I am trying to minimize the function $f(x) = \sqrt[x]{c\times x!}$ with respect to $x$($c>0$ is a constant), for $x>0$. I have tried plotting the function to examine its behavior, and it looks to me that if we consider values of $x>0$, this function should have a global minimum. However, I don't know how to solve this minimization problem analytically, as the derivative is a rather strange looking function.

Answer 1

As @themathandlanguagetutor, consider $$f(x)=\Big[c \,\Gamma (x+1)\Big]^{\frac{1}{x}}$$ and assume $c>0$. Using logarithmic differentiation, we have $$\frac{f'(x)}{f(x)}=\frac 1 {x^2}\Big[x\, \psi (x+1)-\log (\Gamma (x+1))-\log (c) \Big]$$ So, we are looking for the zero of function $$g(x)=x\,\psi (x+1)-\log (\Gamma (x+1))-\log (c)$$ $$g'(x)=x \,\psi ^{(1)}(x+1) \quad >0 \quad \quad\forall x >0$$ So, only one solution.

Now, $\big[x\,\psi (x+1)-\log (\Gamma (x+1))\big]$ is very linear as soon as $x > 1$ and a good approximation of it is $$x\,\psi (x+1)-\log (\Gamma (x+1))=x+\frac{1}{2} (1-\log (2 \pi x))-\frac{1}{6 x}+O\left(\frac{1}{x^2}\right)$$ So, keeping the first and second terms, as an approximation, we need to solve $$x+\frac{1}{2} (1-\log (2 \pi x))=\log(c) \implies x=-\frac{1}{2} W_{-1}\left(-\frac{e}{\pi c^2}\right)$$ where $W_{-1}(.)$ is the second branch of Lambert function.

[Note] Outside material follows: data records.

(* For every claw-free graph $G$, $\chi(G^2)\le 2\omega(G)^2-2\omega(G)+1$.
   Context: Claw-free means no induced $K_{1,3}$. $G^2$ is the graph on $V(G)$ where distinct vertices are adjacent iff at distance at most $2$ in $G$. $\chi$ is chromatic number, $\omega$ clique number. *)

theory Defs
  imports Main
begin

definition simple_graph :: "'a set \<Rightarrow> ('a \<Rightarrow> 'a \<Rightarrow> bool) \<Rightarrow> bool" where
  "simple_graph V E \<longleftrightarrow> finite V \<and> (\<forall>x y. E x y \<longrightarrow> E y x) \<and> (\<forall>x. \<not> E x x)
     \<and> (\<forall>x y. E x y \<longrightarrow> x \<in> V \<and> y \<in> V)"

definition claw_free :: "'a set \<Rightarrow> ('a \<Rightarrow> 'a \<Rightarrow> bool) \<Rightarrow> bool" where
  "claw_free V E \<longleftrightarrow> \<not> (\<exists>c\<in>V. \<exists>a\<in>V. \<exists>b\<in>V. \<exists>d\<in>V.
      E c a \<and> E c b \<and> E c d \<and> a \<noteq> b \<and> a \<noteq> d \<and> b \<noteq> d
      \<and> \<not> E a b \<and> \<not> E a d \<and> \<not> E b d)"

definition graph_square :: "'a set \<Rightarrow> ('a \<Rightarrow> 'a \<Rightarrow> bool) \<Rightarrow> 'a \<Rightarrow> 'a \<Rightarrow> bool" where
  "graph_square V E x y \<longleftrightarrow> x \<in> V \<and> y \<in> V \<and> x \<noteq> y \<and> (E x y \<or> (\<exists>z\<in>V. E x z \<and> E z y))"

definition proper_colouring :: "'a set \<Rightarrow> ('a \<Rightarrow> 'a \<Rightarrow> bool) \<Rightarrow> nat \<Rightarrow> ('a \<Rightarrow> nat) \<Rightarrow> bool" where
  "proper_colouring V E k f \<longleftrightarrow> (\<forall>x\<in>V. f x < k) \<and> (\<forall>x\<in>V. \<forall>y\<in>V. E x y \<longrightarrow> f x \<noteq> f y)"

definition chromatic_number :: "'a set \<Rightarrow> ('a \<Rightarrow> 'a \<Rightarrow> bool) \<Rightarrow> nat" where
  "chromatic_number V E = (LEAST k. \<exists>f. proper_colouring V E k f)"

definition is_clique :: "'a set \<Rightarrow> ('a \<Rightarrow> 'a \<Rightarrow> bool) \<Rightarrow> 'a set \<Rightarrow> bool" where
  "is_clique V E K \<longleftrightarrow> K \<subseteq> V \<and> (\<forall>x\<in>K. \<forall>y\<in>K. x \<noteq> y \<longrightarrow> E x y)"

definition clique_number :: "'a set \<Rightarrow> ('a \<Rightarrow> 'a \<Rightarrow> bool) \<Rightarrow> nat" where
  "clique_number V E = Max (card ` {K. is_clique V E K})"

end

theory Submission
  imports Defs
begin

text \<open>Colour G^2 greedily, so it suffices to bound the degree of every vertex v in G^2 by
  2\<omega>^2 - 2\<omega>. Let n be the number of neighbours of v and m the number of vertices at distance 2.
  By claw-freeness, the neighbours of a neighbour u of v that are not adjacent to v form a
  clique with u, so m \<le> n(\<omega> - 1). The neighbourhood of v has no independent triple, so a
  Ramsey-type count gives 2n \<le> (\<omega> - 1)(\<omega> + 2). Finally every vertex x at distance 2 has at
  least n + 3 - 2\<omega> neighbours in the neighbourhood of v: for a common neighbour u, the
  neighbours of v not adjacent to u, resp. adjacent to u but not to x, form cliques with v,
  resp. with u and v. Double counting the edges between the two layers gives
  m(n + 3 - 2\<omega>) \<le> n(\<omega> - 1), and the three inequalities together yield n + m \<le> 2\<omega>^2 - 2\<omega>.\<close>

definition neighbours :: "('a \<Rightarrow> 'a \<Rightarrow> bool) \<Rightarrow> 'a \<Rightarrow> 'a set" where
  "neighbours E v = {y. E v y}"

definition second_neighbours :: "('a \<Rightarrow> 'a \<Rightarrow> bool) \<Rightarrow> 'a \<Rightarrow> 'a set" where
  "second_neighbours E v = {x. x \<noteq> v \<and> \<not> E v x \<and> (\<exists>u. E v u \<and> E u x)}"

definition no_indep_triple :: "('a \<Rightarrow> 'a \<Rightarrow> bool) \<Rightarrow> 'a set \<Rightarrow> bool" where
  "no_indep_triple E S \<longleftrightarrow>
     (\<forall>a\<in>S. \<forall>b\<in>S. \<forall>c\<in>S. a \<noteq> b \<and> a \<noteq> c \<and> b \<noteq> c \<longrightarrow> E a b \<or> E a c \<or> E b c)"

lemma no_indep_triple_mono: "no_indep_triple E S \<Longrightarrow> T \<subseteq> S \<Longrightarrow> no_indep_triple E T"
  unfolding no_indep_triple_def by blast

lemma sum_card_filter_swap:
  assumes "finite A" "finite B"
  shows "(\<Sum>a\<in>A. card {b\<in>B. R a b}) = (\<Sum>b\<in>B. card {a\<in>A. R a b})"
proof -
  have card_as_sum: "card {x\<in>X. P x} = (\<Sum>x\<in>X. if P x then 1 else 0)"
    if "finite X" for P and X :: "'c set"
    using that by (simp add: sum.If_cases Collect_conj_eq Int_commute)
  show ?thesis
    using assms by (simp add: card_as_sum) (rule sum.swap)
qed

lemma ex_less_Suc_not_in:
  assumes "finite U" "card U \<le> D"
  shows "\<exists>c<Suc D. c \<notin> U"
  using assms by (metis card_lessThan card_mono lessThan_iff not_less_eq_eq subsetI)

lemma chromatic_number_le_Suc_degree:
  assumes "finite V" and sym: "\<And>x y. R x y \<Longrightarrow> R y x" and irrefl: "\<And>x. \<not> R x x"
    and degree: "\<And>x. x \<in> V \<Longrightarrow> card {y\<in>V. R x y} \<le> D"
  shows "chromatic_number V R \<le> Suc D"
proof -
  have "\<exists>f. proper_colouring S R (Suc D) f" if "S \<subseteq> V" for S
    using finite_subset[OF that \<open>finite V\<close>] that
  proof (induction S rule: finite_subset_induct')
    case empty
    show ?case by (simp add: proper_colouring_def)
  next
    case (insert a S)
    then obtain f where f: "proper_colouring S R (Suc D) f" by blast
    let ?U = "f ` {y\<in>S. R a y}"
    have "card ?U \<le> card {y\<in>V. R a y}"
      using insert \<open>finite V\<close> by (intro card_image_le [THEN order_trans] card_mono) auto
    with degree[OF \<open>a \<in> V\<close>] insert obtain c where "c < Suc D" "c \<notin> ?U"
      using ex_less_Suc_not_in[of ?U D] by auto
    then have "proper_colouring (insert a S) R (Suc D) (f(a := c))"
      using f \<open>a \<notin> S\<close> irrefl sym unfolding proper_colouring_def by (auto simp: image_iff)
    then show ?case by blast
  qed
  then obtain f where "proper_colouring V R (Suc D) f" by blast
  then show ?thesis unfolding chromatic_number_def by (blast intro: Least_le)
qed

lemma arith_degree_bound:
  fixes n m w :: nat
  assumes second: "m \<le> n * (w - 1)" and counted: "m * (n + 3 - 2 * w) \<le> n * (w - 1)"
    and first: "2 * n \<le> (w - 1) * (w + 2)"
  shows "n + m \<le> 2 * w\<^sup>2 - 2 * w"
proof (cases "n \<le> 2 * w - 2")
  case True
  have "n + m \<le> n * w"
    using second first by (cases w) (simp_all add: algebra_simps)
  also have "\<dots> \<le> (2 * w - 2) * w" using True by simp
  also have "\<dots> = 2 * w\<^sup>2 - 2 * w" by (simp add: power2_eq_square algebra_simps diff_mult_distrib)
  finally show ?thesis .
next
  case False
  then obtain k where w: "w = k + 2"
    using first by (cases w; cases "w - 1") (auto simp: numeral_eq_Suc)
  show ?thesis
  proof (cases "w - 1 \<le> n + 3 - 2 * w")
    case True
    have "m * (w - 1) \<le> n * (w - 1)"
      using True counted by (meson mult_le_mono2 order_trans)
    then have "m \<le> n" using w by (simp only: mult_le_cancel2)
    then show ?thesis using first w by (simp add: power2_eq_square algebra_simps)
  next
    case large: False
    have "2 \<le> n + 3 - 2 * w" using False w by simp
    then have "m * 2 \<le> m * (n + 3 - 2 * w)" by simp
    then have "2 * m \<le> n * (w - 1)" using counted by linarith
    then have "2 * m \<le> n * (k + 1)" using w by simp
    then have "2 * (n + m) \<le> n * (k + 3)" by (simp add: algebra_simps)
    also have "\<dots> \<le> (3 * k + 1) * (k + 3)" using large w by (intro mult_right_mono) auto
    finally show ?thesis unfolding w by (simp add: algebra_simps power2_eq_square)
  qed
qed

locale graph =
  fixes V :: "'a set" and E :: "'a \<Rightarrow> 'a \<Rightarrow> bool"
  assumes simple: "simple_graph V E"
begin

lemma finite_V: "finite V"
  and edge_sym: "E x y \<Longrightarrow> E y x"
  and edge_irrefl: "\<not> E x x"
  and edge_in_V: "E x y \<Longrightarrow> x \<in> V" "E x y \<Longrightarrow> y \<in> V"
  using simple unfolding simple_graph_def by auto

lemma edge_sym_iff: "E x y \<longleftrightarrow> E y x"
  using edge_sym by blast

lemma finite_subset_V: "S \<subseteq> V \<Longrightarrow> finite S"
  using finite_V finite_subset by blast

This would be the $x_0$ for Newton method.

Below are some results

$$\left( \begin{array}{ccc} c & x_0 & \text{solution} \\ 2 & 1.20556 & 1.39437 \\ 3 & 1.81582 & 1.93161 \\ 4 & 2.19930 & 2.29176 \\ 5 & 2.48314 & 2.56345 \\ 6 & 2.70899 & 2.78165 \\ 7 & 2.89662 & 2.96393 \\ 8 & 3.05712 & 3.12043 \\ 9 & 3.19732 & 3.25750 \\ 10 & 3.32177 & 3.37942 \\ 20 & 4.12296 & 4.16825 \\ 30 & 4.58111 & 4.62144 \\ 40 & 4.90271 & 4.94016 \\ 50 & 5.15051 & 5.18600\\ 60 & 5.35202 & 5.38606 \\ 70 & 5.52178 & 5.55470 \\ 80 & 5.66842 & 5.70041 \\ 90 & 5.79746 & 5.82868 \\ 100 & 5.91266 & 5.94323 \end{array} \right)$$ To give an idea about the convergence, let us try for $c=10^4$; the iterates would be (with a ridiculous number of figures) $$\left( \begin{array}{cc} n & x_n \\ 0 & 10.819975929577196143 \\ 1 & 10.836092659850328733 \\ 2 & 10.836092115380538490 \\ 3 & 10.836092115380537870 \end{array} \right)$$

So, we have a simple way to locate the minimum. Now, computing $f(x)$ does not make any problem.

Edit

Knowing the approximation $x_0$ we can improve a lot using one single iteration of Newton, Halley or Householder method. The simplest one will be $$x_1=x_0-\frac {g(x_0)}{g'(x_0)}$$ The above table will now be $$\left( \begin{array}{ccc} c & x_1 & \text{solution} \\ 2 & 1.39889 & 1.39437 \\ 3 & 1.93246 & 1.93161 \\ 4 & 2.29214 & 2.29176 \\ 5 & 2.56368 & 2.56345 \\ 6 & 2.78180 & 2.78165 \\ 7 & 2.96405 & 2.96393 \\ 8 & 3.12052 & 3.12043 \\ 9 & 3.25758 & 3.25750 \\ 10 & 3.37948 & 3.37942 \\ 20 & 4.16828 & 4.16825 \\ 30 & 4.62146 & 4.62144 \\ 40 & 4.94018 & 4.94016 \\ 50 & 5.18601 & 5.18600\\ 60 & 5.38607 & 5.38606 \\ 70 & 5.55470 & 5.55470 \\ 80 & 5.70042 & 5.70041 \\ 90 & 5.82869 & 5.82868 \\ 100 & 5.94323 & 5.94323 \end{array} \right)$$

In other words, for practical applications, one single iteration of Halley or Householder methods will give the solution.

For illustration, for the case of $c=10^4$, here are the values ofhe first iterate as a function of the order of the method $$x_1^{(2)}=\color{red}{10.836092}6598503$$ $$x_1^{(3)}=\color{red}{10.83609211}48391$$ $$x_1^{(4)}=\color{red} {10.83609211538}11$$ $$x_1^{(\infty)}=\color{red}{10.83609211538054}$$

It must be noticed that $f(x_0)\times f''(x_0) <0 \quad \forall c$ which, by Darboux theorem, means that we shall face one overshoot of the solution along the path to convergence. At the opposite $f(x_1)\times f''(x_1) >0 \quad \forall c$ which will avoid it.